(Stored items)

....

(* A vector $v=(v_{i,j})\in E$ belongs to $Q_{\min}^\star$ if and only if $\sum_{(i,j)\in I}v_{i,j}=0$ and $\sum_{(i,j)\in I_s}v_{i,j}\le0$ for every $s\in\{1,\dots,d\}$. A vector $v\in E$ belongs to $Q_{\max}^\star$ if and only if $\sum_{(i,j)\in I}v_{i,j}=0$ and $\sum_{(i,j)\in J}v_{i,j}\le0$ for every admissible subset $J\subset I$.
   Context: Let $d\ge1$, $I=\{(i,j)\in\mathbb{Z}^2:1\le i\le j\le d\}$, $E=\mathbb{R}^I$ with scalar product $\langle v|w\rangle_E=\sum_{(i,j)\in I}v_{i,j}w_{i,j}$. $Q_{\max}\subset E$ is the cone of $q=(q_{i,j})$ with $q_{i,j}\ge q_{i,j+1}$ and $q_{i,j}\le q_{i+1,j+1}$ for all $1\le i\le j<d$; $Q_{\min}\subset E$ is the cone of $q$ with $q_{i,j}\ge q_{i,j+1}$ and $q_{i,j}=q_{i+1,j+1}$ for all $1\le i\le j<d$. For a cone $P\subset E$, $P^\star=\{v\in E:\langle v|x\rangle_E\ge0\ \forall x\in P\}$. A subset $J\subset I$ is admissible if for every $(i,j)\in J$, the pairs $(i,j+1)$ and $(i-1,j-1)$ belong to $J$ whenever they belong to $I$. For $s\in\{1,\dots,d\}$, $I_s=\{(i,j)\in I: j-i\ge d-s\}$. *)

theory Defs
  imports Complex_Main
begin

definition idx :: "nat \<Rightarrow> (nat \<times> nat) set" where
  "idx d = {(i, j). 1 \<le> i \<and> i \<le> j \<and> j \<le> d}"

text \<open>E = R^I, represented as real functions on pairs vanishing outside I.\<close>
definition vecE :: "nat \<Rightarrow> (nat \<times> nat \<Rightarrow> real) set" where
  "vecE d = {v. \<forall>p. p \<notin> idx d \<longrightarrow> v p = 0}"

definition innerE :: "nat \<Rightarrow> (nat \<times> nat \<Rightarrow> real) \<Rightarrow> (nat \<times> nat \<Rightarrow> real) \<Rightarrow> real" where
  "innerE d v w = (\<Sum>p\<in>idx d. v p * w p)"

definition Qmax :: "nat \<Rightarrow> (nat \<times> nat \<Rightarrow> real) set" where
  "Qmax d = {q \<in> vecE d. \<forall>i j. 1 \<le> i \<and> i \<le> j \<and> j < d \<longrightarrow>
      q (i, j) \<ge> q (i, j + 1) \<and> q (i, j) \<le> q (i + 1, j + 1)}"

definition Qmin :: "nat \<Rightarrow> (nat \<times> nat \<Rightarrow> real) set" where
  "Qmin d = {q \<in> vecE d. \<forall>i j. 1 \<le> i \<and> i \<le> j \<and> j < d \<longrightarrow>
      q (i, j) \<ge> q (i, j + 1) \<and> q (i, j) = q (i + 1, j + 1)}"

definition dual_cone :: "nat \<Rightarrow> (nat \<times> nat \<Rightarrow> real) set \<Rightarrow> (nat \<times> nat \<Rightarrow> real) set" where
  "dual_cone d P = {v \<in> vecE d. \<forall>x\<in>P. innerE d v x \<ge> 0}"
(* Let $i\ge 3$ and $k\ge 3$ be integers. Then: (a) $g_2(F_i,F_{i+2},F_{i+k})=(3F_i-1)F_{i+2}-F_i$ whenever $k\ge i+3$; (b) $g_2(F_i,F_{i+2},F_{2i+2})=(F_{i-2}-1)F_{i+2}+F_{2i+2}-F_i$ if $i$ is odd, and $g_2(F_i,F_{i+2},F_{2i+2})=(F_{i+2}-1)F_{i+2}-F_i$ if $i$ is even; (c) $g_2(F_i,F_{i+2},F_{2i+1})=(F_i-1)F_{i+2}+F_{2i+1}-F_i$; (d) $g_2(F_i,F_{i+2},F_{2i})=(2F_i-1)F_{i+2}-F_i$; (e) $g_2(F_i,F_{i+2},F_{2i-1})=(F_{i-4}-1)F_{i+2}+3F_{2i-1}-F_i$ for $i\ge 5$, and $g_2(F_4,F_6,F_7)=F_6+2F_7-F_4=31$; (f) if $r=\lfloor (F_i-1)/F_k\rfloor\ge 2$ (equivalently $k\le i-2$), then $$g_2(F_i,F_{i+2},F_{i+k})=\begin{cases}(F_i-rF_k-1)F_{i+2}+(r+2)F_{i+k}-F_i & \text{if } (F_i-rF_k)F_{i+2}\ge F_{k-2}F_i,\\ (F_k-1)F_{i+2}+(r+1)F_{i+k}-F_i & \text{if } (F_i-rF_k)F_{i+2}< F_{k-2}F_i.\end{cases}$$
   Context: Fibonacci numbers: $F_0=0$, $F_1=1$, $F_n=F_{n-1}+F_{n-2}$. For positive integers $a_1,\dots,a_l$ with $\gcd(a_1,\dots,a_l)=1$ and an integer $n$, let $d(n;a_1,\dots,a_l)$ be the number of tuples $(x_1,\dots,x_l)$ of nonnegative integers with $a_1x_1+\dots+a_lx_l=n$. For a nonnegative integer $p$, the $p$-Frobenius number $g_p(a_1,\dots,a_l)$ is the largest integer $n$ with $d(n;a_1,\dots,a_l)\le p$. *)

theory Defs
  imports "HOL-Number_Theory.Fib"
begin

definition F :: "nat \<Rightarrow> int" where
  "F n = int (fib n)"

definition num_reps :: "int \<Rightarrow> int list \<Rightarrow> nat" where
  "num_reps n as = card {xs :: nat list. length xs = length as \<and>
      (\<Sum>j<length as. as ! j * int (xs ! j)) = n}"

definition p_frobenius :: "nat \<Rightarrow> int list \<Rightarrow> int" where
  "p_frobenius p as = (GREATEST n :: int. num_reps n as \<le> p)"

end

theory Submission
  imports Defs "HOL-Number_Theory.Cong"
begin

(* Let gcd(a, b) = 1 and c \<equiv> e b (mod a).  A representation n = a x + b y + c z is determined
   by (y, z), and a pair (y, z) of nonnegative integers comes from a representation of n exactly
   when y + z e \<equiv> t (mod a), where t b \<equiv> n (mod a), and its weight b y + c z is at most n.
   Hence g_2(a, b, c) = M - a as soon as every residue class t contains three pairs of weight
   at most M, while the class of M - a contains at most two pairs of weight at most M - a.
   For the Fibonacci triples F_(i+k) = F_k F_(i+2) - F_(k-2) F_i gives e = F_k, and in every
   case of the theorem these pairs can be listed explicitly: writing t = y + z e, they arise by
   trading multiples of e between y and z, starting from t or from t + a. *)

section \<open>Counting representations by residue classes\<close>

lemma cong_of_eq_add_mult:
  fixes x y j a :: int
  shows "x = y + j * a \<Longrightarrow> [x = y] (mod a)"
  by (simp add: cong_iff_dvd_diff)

....

Work required => Taking the entries above, write out exactly the lines starting with the line containing "theory Submission" and going on through the line containing "when y + z e", both included, and nothing else.

Response area =>
theory Submission
  imports Defs "HOL-Number_Theory.Cong"
begin

(* Let gcd(a, b) = 1 and c \<equiv> e b (mod a).  A representation n = a x + b y + c z is determined
   by (y, z), and a pair (y, z) of nonnegative integers comes from a representation of n exactly
   when y + z e \<equiv> t (mod a), where t b \<equiv> n (mod a), and its weight b y + c z is at most n.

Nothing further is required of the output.